Alzheimer Disease Clinical Trial

— INSIGHT-2  

Official title:

Investigation of AlzHeimer's Predictors in Subjective Memory Complainers - Extension Study

Clinical Trial Details — Status: Not yet recruiting

Administrative data

• NCT number: NCT05806697
• Other study ID #: C20-70
• Status: Not yet recruiting
• Phase: N/A
• Start date: April 17, 2023
• Est. completion date: December 2029

Study information

• Verified date: April 2023
• Source: Institut National de la Santé Et de la Recherche Médicale, France
• Contact: Nadjia YOUNSI
• Phone: +331 42 16 75 15
• Email: nadjia.younsi[@]icm-institute.org
• Is FDA regulated: No
• Study type: Interventional

Clinical Trial Summary

A regional, single-center, prospective, observational academic cohort will follow subjects who previously participated in the INSIGHT study and who agree an extension of their follow-up in the INSIGHT-2 research for additional 5-6 years. An annual multimodal evaluation (cognitive, oculomotor, biological and neuroimaging) will be proposed in order to describe the natural history of preclinical Alzheimer's disease (AD). The primary endpoint is the conversion to the symptomatic stage in subjects at risk, identified by positive amyloid staining (A+) on florbetapir positron emission tomography (PET) imaging. The size of the cohort is estimated to around 240 participants (61 A+ subjects) among the 318 participants included in the main cohort (88 A+ subjects). The follow-up in the INSIGHT-2 cohort will be lightened compared to that of the main cohort with an annual frequency of visits rather than a six-monthly one.

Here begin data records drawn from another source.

definition uniformly_discrete_set :: "'a::topological_ab_group_add set \<Rightarrow> bool" where
  "uniformly_discrete_set A \<longleftrightarrow>
     (\<exists>U. open U \<and> 0 \<in> U \<and> (\<forall>x\<in>A. ((\<lambda>u. x + u) ` U) \<inter> A = {x}))"

definition relatively_dense_set :: "'a::topological_ab_group_add set \<Rightarrow> bool" where
  "relatively_dense_set L \<longleftrightarrow> (\<exists>K. compact K \<and> sumset L K = UNIV)"

definition sigma_compact_space :: "'a::topological_space itself \<Rightarrow> bool" where
  "sigma_compact_space _ \<longleftrightarrow> (\<exists>K::nat \<Rightarrow> 'a set. (\<forall>n. compact (K n)) \<and> (\<Union>n. K n) = UNIV)"

end

theory Submission
  imports Defs
begin

text \<open>
  Uniform discreteness implies local finiteness in any topological group: if \<open>V - V\<close> lies in the
  neighbourhood witnessing discreteness, each translate of \<open>V\<close> contains at most one point of the set,
  and a compact set is covered by finitely many such translates.
  For the converse, with \<open>D = \<Lambda> - \<Lambda> - \<Lambda>\<close>, the inclusion \<open>\<Lambda> - \<Lambda> \<subseteq> \<Lambda> + F\<close> shows that
  subtracting or adding \<open>\<Lambda>\<close> preserves being covered by finitely many translates of \<open>\<Lambda>\<close>, so
  \<open>D - D \<subseteq> D - \<Lambda> + \<Lambda> + \<Lambda>\<close> is covered by such translates and is therefore locally finite.
  Removing from a relatively compact neighbourhood of \<open>0\<close> the finitely many nonzero points of
  \<open>D - D\<close> it contains leaves a neighbourhood witnessing uniform discreteness.
  Finally, a locally finite \<open>D\<close> contains \<open>-\<Lambda>\<close>, so \<open>\<Lambda>\<close> is locally finite, and writing
  \<open>G = \<Lambda> + K\<close> with \<open>K\<close> compact gives \<open>\<Lambda> - \<Lambda> \<subseteq> \<Lambda> + (D \<inter> K)\<close>.
\<close>

lemma finite_sumset:
  fixes A B :: "'a::ab_group_add set"
  assumes "finite A" "finite B"
  shows "finite (sumset A B)"
proof -
  have "sumset A B = (\<lambda>(a, b). a + b) ` (A \<times> B)"
    unfolding sumset_def by auto
  then show ?thesis
    using assms by simp
qed

lemma open_translation_group:
  fixes V :: "'a::topological_group_add set"
  assumes "open V"
  shows "open ((\<lambda>u. k + u) ` V)"
proof -
  have "(\<lambda>u. k + u) ` V = (\<lambda>y. - k + y) -` V"
    by (force simp: image_iff add.assoc[symmetric])
  also have "open \<dots>"
    by (rule open_vimage[OF assms]) (intro continuous_intros)
  finally show ?thesis .
qed

lemma compact_translation_group:
  fixes K :: "'a::topological_group_add set"
  assumes "compact K"
  shows "compact ((\<lambda>y. y + c) ` K)"
  by (rule compact_continuous_image[OF _ assms]) (intro continuous_intros)

lemma nhds_zero_diff_subset:
  fixes U :: "'a::topological_group_add set"
  assumes "open U" "0 \<in> U"
  obtains V where "open V" "0 \<in> V" "\<And>a b. a \<in> V \<Longrightarrow> b \<in> V \<Longrightarrow> b - a \<in> U"
proof -
  have "open ((\<lambda>p. snd p - fst p) -` U)"
    by (rule open_vimage[OF assms(1)]) (intro continuous_intros)
  moreover have "(0, 0) \<in> (\<lambda>p::'a \<times> 'a. snd p - fst p) -` U"
    using assms(2) by simp
  ultimately obtain A B where AB: "open A" "open B" "(0, 0) \<in> A \<times> B"
      "A \<times> B \<subseteq> (\<lambda>p::'a \<times> 'a. snd p - fst p) -` U"
    by (rule open_prod_elim)
  have "open (A \<inter> B)" "0 \<in> A \<inter> B"
    using AB(1-3) by auto
  moreover have "b - a \<in> U" if "a \<in> A \<inter> B" "b \<in> A \<inter> B" for a b
    using AB(4) that by (auto simp: subset_iff)
  ultimately show ?thesis
    by (rule that)
qed

lemma locally_finite_subset:
  "locally_finite_set B \<Longrightarrow> A \<subseteq> B \<Longrightarrow> locally_finite_set A"
  unfolding locally_finite_set_def by (meson Int_mono finite_subset subset_refl)

lemma locally_finite_if_uniformly_discrete:
  fixes D :: "'a::topological_ab_group_add set"
  assumes "uniformly_discrete_set D"
  shows "locally_finite_set D"
  unfolding locally_finite_set_def
proof (intro allI impI)
  fix K :: "'a set"
  assume K: "compact K"
  obtain U where U: "open U" "0 \<in> U" "\<And>x. x \<in> D \<Longrightarrow> ((\<lambda>u. x + u) ` U) \<inter> D = {x}"
    using assms unfolding uniformly_discrete_set_def by blast
  obtain V where V: "open V" "0 \<in> V" "\<And>a b. a \<in> V \<Longrightarrow> b \<in> V \<Longrightarrow> b - a \<in> U"
    using nhds_zero_diff_subset[OF U(1,2)] by blast
  have "K \<subseteq> (\<Union>k\<in>K. (\<lambda>u. k + u) ` V)"
    using V(2) by (auto intro!: bexI[of _ 0] simp: image_iff)
  then obtain T where T: "T \<subseteq> K" "finite T" "K \<subseteq> (\<Union>k\<in>T. (\<lambda>u. k + u) ` V)"
    by (rule compactE_image[OF K open_translation_group[OF V(1)]])
  have translate_subsingleton: "y = x"
    if x: "x \<in> D \<inter> (\<lambda>u. k + u) ` V" and y: "y \<in> D \<inter> (\<lambda>u. k + u) ` V" for k x y
  proof -
    obtain v where "v \<in> V" "x = k + v"
      using x by blast
    moreover obtain w where "w \<in> V" "y = k + w"
      using y by blast
    ultimately have "w - v \<in> U" "y = x + (w - v)"
      using V(3) by simp_all
    then have "y \<in> ((\<lambda>u. x + u) ` U) \<inter> D"
      using y by blast
    then show "y = x"
      using U(3) x by blast
  qed
  have "finite (D \<inter> (\<lambda>u. k + u) ` V)" for k
  proof (cases "D \<inter> (\<lambda>u. k + u) ` V = {}")
    case False
    then obtain x where "x \<in> D \<inter> (\<lambda>u. k + u) ` V"
      by blast
    then have "D \<inter> (\<lambda>u. k + u) ` V \<subseteq> {x}"
      using translate_subsingleton by blast
    then show ?thesis
      by (rule finite_subset) simp
  qed simp
  then have "finite (\<Union>k\<in>T. D \<inter> (\<lambda>u. k + u) ` V)"
    using T(2) by (intro finite_UN_I)
  moreover have "D \<inter> K \<subseteq> (\<Union>k\<in>T. D \<inter> (\<lambda>u. k + u) ` V)"
    using T(3) by blast
  ultimately show "finite (D \<inter> K)"
    by (rule finite_subset[rotated])
qed

lemma locally_finite_sumset:
  fixes L :: "'a::topological_ab_group_add set"
  assumes "locally_finite_set L" "finite G"
  shows "locally_finite_set (sumset L G)"
  unfolding locally_finite_set_def
proof (intro allI impI)
  fix K :: "'a set"
  assume K: "compact K"
  have "finite (L \<inter> (\<lambda>y. y + - g) ` K)" for g
    using assms(1) compact_translation_group[OF K] unfolding locally_finite_set_def by blast
  then have "finite (\<Union>g\<in>G. (\<lambda>l. l + g) ` (L \<inter> (\<lambda>y. y + - g) ` K))"
    using assms(2) by blast
  moreover have "sumset L G \<inter> K \<subseteq> (\<Union>g\<in>G. (\<lambda>l. l + g) ` (L \<inter> (\<lambda>y. y + - g) ` K))"
    unfolding sumset_def by (force simp: image_iff)
  ultimately show "finite (sumset L G \<inter> K)"
    by (rule finite_subset[rotated])
qed

lemma uniformly_discrete_if_locally_finite_diffset:
  fixes D :: "'a::{topological_ab_group_add, t2_space} set"
  assumes lc: "locally_compact_space (euclidean :: 'a topology)"
    and lf: "locally_finite_set (diffset D D)"
  shows "uniformly_discrete_set D"
proof -
  have "\<exists>U C. openin euclidean U \<and> compactin euclidean C \<and> (0::'a) \<in> U \<and> U \<subseteq> C"
    using lc unfolding locally_compact_space_def by simp
  then obtain U C :: "'a set" where UC: "open U" "compact C" "0 \<in> U" "U \<subseteq> C"
    by auto
  define W where "W = U - (diffset D D \<inter> C - {0})"
  have "finite (diffset D D \<inter> C)"
    using lf UC(2) unfolding locally_finite_set_def by blast
  then have W: "open W" "0 \<in> W"
    unfolding W_def using UC by (auto intro!: open_Diff finite_imp_closed)
  have "((\<lambda>u. x + u) ` W) \<inter> D = {x}" if x: "x \<in> D" for x
  proof
    show "{x} \<subseteq> ((\<lambda>u. x + u) ` W) \<inter> D"
      using x W(2) by (auto intro!: image_eqI[of _ _ 0])
    show "((\<lambda>u. x + u) ` W) \<inter> D \<subseteq> {x}"
    proof
      fix y
      assume y: "y \<in> ((\<lambda>u. x + u) ` W) \<inter> D"
      then obtain w where w: "w \<in> W" "y = x + w"
        by auto
      have "w \<in> diffset D D"
        using w x y unfolding diffset_def by force
      then have "w = 0"
        using w UC(4) unfolding W_def by auto
      then show "y \<in> {x}"
        using w by simp
    qed
  qed
  then show ?thesis
    using W unfolding uniformly_discrete_set_def by blast
qed

definition finitely_translated :: "'a::ab_group_add set \<Rightarrow> 'a set \<Rightarrow> bool" where
  "finitely_translated L X \<longleftrightarrow> (\<exists>G. finite G \<and> X \<subseteq> sumset L G)"

lemma finitely_translated_self: "finitely_translated L L"
  unfolding finitely_translated_def sumset_def by (rule exI[of _ "{0}"]) auto

lemma finitely_translated_diffset:
  fixes L :: "'a::ab_group_add set"
  assumes F: "finite F" "diffset L L \<subseteq> sumset L F"
    and X: "finitely_translated L X"
  shows "finitely_translated L (diffset X L)"
proof -
  obtain G where G: "finite G" "X \<subseteq> sumset L G"
    using X unfolding finitely_translated_def by blast
  have "diffset X L \<subseteq> sumset L (sumset F G)"
  proof
    fix z
    assume "z \<in> diffset X L"
    then obtain x y where xy: "x \<in> X" "y \<in> L" "z = x - y"
      unfolding diffset_def by blast
    obtain l g where lg: "l \<in> L" "g \<in> G" "x = l + g"
      using G(2) xy(1) unfolding sumset_def by blast
    have "l - y \<in> diffset L L"
      using lg xy unfolding diffset_def by blast
    then obtain l' f where l'f: "l' \<in> L" "f \<in> F" "l - y = l' + f"
      using F(2) unfolding sumset_def by blast
    have "z = l' + (f + g)"
      using xy lg l'f by (simp add: algebra_simps)
    then show "z \<in> sumset L (sumset F G)"
      using l'f lg unfolding sumset_def by blast
  qed
  then show ?thesis
    using finite_sumset[OF F(1) G(1)] unfolding finitely_translated_def by blast
qed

Recruitment information / eligibility

• Status: Not yet recruiting
• Enrollment: 240
• Est. completion date: December 2029
• Est. primary completion date: June 2028
• Accepts healthy volunteers: No
• Gender: All
• Age group: 70 Years to 95 Years

Eligibility

Inclusion Criteria:

• Subjects that previously participated in the INSIGHT cohort

• Aged 70 to 95 years old

• Having signed an informed consent

• Willing to and able undergo a baseline PET amyloid imaging

• Affiliating to the French health-care system

• Having an identified informant who has sufficient contact with the participant and has to be able to provide accurate information, at least by phone, about the participants' cognitive and functional abilities.

Exclusion Criteria:

• Clinical Dementia Rating =1 at screening/baseline visit only

• Fulfilling research diagnostic criteria for any type of dementia-related disorder at screening visit (clinical AD, Dementia with Lewy Bodies [DLB], fronto-temporal dementia [FTD], vascular dementia, chronic traumatic encephalopathy [CTE], Limbic-predominant Age-related TDP-43 Encephalopathy [LATE], Primary age-related tauopathy [PART)

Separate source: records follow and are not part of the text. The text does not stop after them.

text \<open>A multiplicative hyperring: the additive group is the type class ab_group_add on 'a
  (the whole type is R), and the hyperoperation is a function m :: 'a => 'a => 'a set.\<close>

definition setmult :: "('a \<Rightarrow> 'a \<Rightarrow> 'a set) \<Rightarrow> 'a set \<Rightarrow> 'a set \<Rightarrow> 'a set" where
  "setmult m A B = (\<Union>a\<in>A. \<Union>b\<in>B. m a b)"

definition setsum :: "'a::ab_group_add set \<Rightarrow> 'a set \<Rightarrow> 'a set" where
  "setsum A B = {x + y | x y. x \<in> A \<and> y \<in> B}"

text \<open>Finite hyperproduct r1 o r2 o ... o rn (n >= 1); the empty product is never used.\<close>
fun hprod :: "('a \<Rightarrow> 'a \<Rightarrow> 'a set) \<Rightarrow> 'a list \<Rightarrow> 'a set" where
  "hprod m [] = {}"
| "hprod m [r] = {r}"
| "hprod m (r # s # rs) = setmult m {r} (hprod m (s # rs))"

definition hpow :: "('a \<Rightarrow> 'a \<Rightarrow> 'a set) \<Rightarrow> 'a \<Rightarrow> nat \<Rightarrow> 'a set" where
  "hpow m r n = hprod m (replicate n r)"

definition mult_hyperring :: "('a::ab_group_add \<Rightarrow> 'a \<Rightarrow> 'a set) \<Rightarrow> bool" where
  "mult_hyperring m \<longleftrightarrow>
     (\<forall>a b. m a b \<noteq> {}) \<and>
     (\<forall>a b. m a b = m b a) \<and>
     (\<forall>a b c. setmult m (m a b) {c} = setmult m {a} (m b c)) \<and>
     (\<forall>a b c. m a (b + c) \<subseteq> setsum (m a b) (m a c)) \<and>
     (\<forall>a b. m a (- b) = uminus ` (m a b) \<and> m (- a) b = uminus ` (m a b))"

• Presence of any medical condition associated with a long-term risk of cognitive impairment or dementia including Parkinson's disease, brain tumor, subdural hematoma, vascular malformations, territorial stroke (excluding smaller watershed strokes), chronic hydrocephalus, traumatic brain injury with neurological sequelae, active alcohol/drug abuse, major depressive disorder, schizophrenia and bipolar disorder

• Current serious or unstable illnesses (including cardiovascular, hepatic, renal, gastroenterologic, respiratory, endocrinologic or hematologic disease) that might make the subject's participation in an investigational trial unsafe

• Any contraindications for MRI/ PET scan procedure (claustrophobia, ferromagnetic object in the body), to FDG or to 18F-Florbetapir (Amyvid®).

• Hypersensitivity to the active substance or to any of the excipients of 18F-Florbetapir (Amyvid®).

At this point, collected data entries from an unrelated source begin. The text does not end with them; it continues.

definition omega :: "cmat \<Rightarrow> superop" where
  "omega g = (\<lambda>A. g * A * dag g)"
definition omega_dag :: "cmat \<Rightarrow> superop" where
  "omega_dag g = (\<lambda>A. dag g * A * g)"

text \<open>Single-qubit Paulis with convention sigma_00 = 1, sigma_01 = X, sigma_11 = Y, sigma_10 = Z.\<close>
definition pauli1 :: "bool \<times> bool \<Rightarrow> cmat" where
  "pauli1 ab = (case ab of
      (False, False) \<Rightarrow> mat 2 2 (\<lambda>(i,j). if i = j then 1 else 0)
    | (False, True)  \<Rightarrow> mat 2 2 (\<lambda>(i,j). if i \<noteq> j then 1 else 0)
    | (True, True)   \<Rightarrow> mat 2 2 (\<lambda>(i,j). if i = 0 \<and> j = 1 then - \<i> else if i = 1 \<and> j = 0 then \<i> else 0)
    | (True, False)  \<Rightarrow> mat 2 2 (\<lambda>(i,j). if i = j then (if i = 0 then 1 else -1) else 0))"

text \<open>a in F_2^{2n} is a list of n bit pairs (one per qubit); computational basis index i
  has bit k (i div 2^k mod 2) as state of qubit k. sigma_a is the tensor product.\<close>
definition pauli :: "(bool \<times> bool) list \<Rightarrow> cmat" where
  "pauli a = mat (2 ^ length a) (2 ^ length a)
     (\<lambda>(i,j). \<Prod>k<length a. pauli1 (a ! k) $$ (i div 2 ^ k mod 2, j div 2 ^ k mod 2))"

definition pauli_idx :: "nat \<Rightarrow> (bool \<times> bool) list set" where
  "pauli_idx n = {a. length a = n}"

definition bitvecs :: "nat \<Rightarrow> bool list set" where
  "bitvecs n = {z. length z = n}"

definition Zz :: "bool list \<Rightarrow> cmat" where
  "Zz z = pauli (map (\<lambda>b. (b, False)) z)"
(* Let $\mathcal{G}$ be an étale groupoid injectively graded by a countable discrete abelian group $A$ via $\Phi:\mathcal{G}\to A$, let $c:\mathcal{G}\to\mathbb{R}$ be a continuous groupoid homomorphism, $\beta\in\mathbb{R}$, and let $\mu\in\Delta(e^{-\beta c})\setminus\{0\}$ be ergodic. Then: (1) for every subgroup $C\subseteq A$, the set $X(C)=\{x\in\mathcal{G}^{(0)}:\Phi(\mathcal{G}^x_x)=C\}$ is Borel and invariant; (2) there is a unique subgroup $B\subseteq A$ with $\mu(\mathcal{G}^{(0)}\setminus X(B))=0$; (3) for $x\in X(B)$ let $\Phi_x:C^*(\mathcal{G}^x_x)\to C^*(B)$ be the isomorphism induced by $\Phi|_{\mathcal{G}^x_x}$ ($u_g\mapsto u_{\Phi(g)}$); if $\{\varphi_x\}_{x\in\mathcal{G}^{(0)}}$ is a $\mu$-measurable field of states with $\varphi_x(u_g)=\varphi_{r(h)}(u_{hgh^{-1}})$ for $\mu$-a.e. $x$ and all $g\in\mathcal{G}^x_x$, $h\in\mathcal{G}_x$, then there is a state $\varphi$ on $C^*(B)$ such that $\varphi\circ\Phi_x=\varphi_x$ for $\mu$-a.e. $x\in X(B)$.
   Context: Étale groupoid: locally compact second countable Hausdorff groupoid with range $r$, source $s$ local homeomorphisms; $\mathcal{G}_x=s^{-1}(x)$, $\mathcal{G}^x_x=r^{-1}(x)\cap s^{-1}(x)$. $\mathcal{G}$ is injectively graded by $A$ via $\Phi$ if $\Phi:\mathcal{G}\to A$ is a continuous groupoid homomorphism with $\ker(\Phi)\cap\mathcal{G}^x_x=\{x\}$ for all $x\in\mathcal{G}^{(0)}$. $\Delta(e^{-\beta c})$: regular Borel measures on $\mathcal{G}^{(0)}$ quasi-invariant with Radon–Nikodym cocycle $e^{-\beta c}$, i.e. $\mu_r\sim\mu_s$ and $d\mu_r/d\mu_s=e^{-\beta c}$, where $\int f\,d\mu_r=\int\sum_{g\in r^{-1}(x)}f(g)\,d\mu(x)$, $\int f\,d\mu_s=\int\sum_{g\in s^{-1}(x)}f(g)\,d\mu(x)$ for $f\in C_c(\mathcal{G})$. A set $Y\subseteq\mathcal{G}^{(0)}$ is invariant if $Y=r(s^{-1}(Y))$; $\mu$ is ergodic if every invariant Borel set is null or conull. $u_g$ denote canonical unitaries in group $C^*$-algebras. A $\mu$-measurable field of states is a family of states $\varphi_x$ on $C^*(\mathcal{G}^x_x)$ with $x\mapsto\sum_{g\in\mathcal{G}^x_x}f(g)\varphi_x(u_g)$ $\mu$-measurable for all $f\in C_c(\mathcal{G})$. *)

theory Defs
  imports "HOL-Analysis.Analysis"
begin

• Participation in any clinical trial of an investigational product in the last 30 days before the screening (during all study duration co-inclusion in other clinical trial of an investigational product or observational research [biomarker cohort e.g.] will be possible but the information would need to be recorded).

• Unable to comply with protocol requirements in the opinion of the investigator

• Being under guardianship (safeguard of justice, curatorship or guardianship)

• Residence in skilled nursing facility, including nursing homes (EHPAD).

Related Conditions & MeSH terms

• Alzheimer Disease
• Memory Complaint
• Memory Disorders

Intervention

Procedure:
• Electroencephalogram (EEG)
The EEG will be uniquely performed during for the whole study if a given subject converts to symptomatic AD or in the occurrence of significant cognitive decline.
• Oculomotor tests
All participants in the INSIGHT-2 study are invited to perform the oculomotor test, excepting subjects reporting oculomotor disorders.
• MRI
All INSIGHT-2 participants will undergo a baseline MRI (structural and resting state fMRI) a follow-up MRI at M12, M36 and M60.

Radiation:
• 18-F amyloid PET Scan
The primary endpoint is conversion to the symptomatic stage in subjects at risk, identified by positive amyloid staining (A+) on florbetapir PET imaging. Participants will receive an injection of 18F-Florbetapir prior to undergoing amyloid PET scanning. Florbetapir (18F) is an experimental imaging compound labeled with [18F] fluorine that decays by positron (ß+) emission and has a half-life of 109.77 min. This procedure will be done at baseline.
• 18F-fluorodeoxyglucose (FDG) PET Scan
Participants will receive an injection of Fludeoxyglucose 18F prior to undergoing FDG-PET. The [18F]FDG is the most well-known radiopharmaceutical positron emitter, in both clinical and preclinical fields.

Biological:
• Blood sampling
A total of 80 ml of whole blood will be collected for each participant in the INSIGHT-2 study for routine laboratory assessment and biobank sampling.
• Lumbar puncture
A lumbar puncture for cerebrospinal fluid (CSF) collection is proposed to all participants.

Locations

Country	Name	City	State
France	Hôpital Pitié Salpêtrière	Paris	Ile De France

Sponsors (1)

Lead Sponsor	Collaborator
Institut National de la Santé Et de la Recherche Médicale, France

Country where clinical trial is conducted

France, 

Outcome

Type	Measure	Description	Time frame	Safety issue
Primary	The primary endpoint is the conversion to typical AD during the 5-year follow-up.	Typical AD according to International Working Group (IWG) 2014 criteria = amyloid-positive participants, with an abnormal decline of episodic memory performance on the Free and Cued Selective Reminding Test	every year through study completion, from baseline for 5 years (M60)
Secondary	Change in Clinical Dementia Rating- Sum of Boxes (CDR-SB) score compared to baseline	CDR-SB : Hughes, Br J Psychiatry 1982; 140: 566-72	Each 1 year from baseline for 5 years (M60)
Secondary	Change in different neuroimaging, biological, electrophysiological and oculomotor parameters compared to baseline	Exploratory outcomes	Each 1 year from baseline for 5 years (M60)
Secondary	Change of the score in different self-administered, informant based questionnaires (including the Quality Of Life (QOL), Ascertain Dementia 8 (AD)8 Dementia Screening Interview, Aging Brain Care Monitor)	Exploratory outcomes	Each 1 year from baseline for 5 years (M60)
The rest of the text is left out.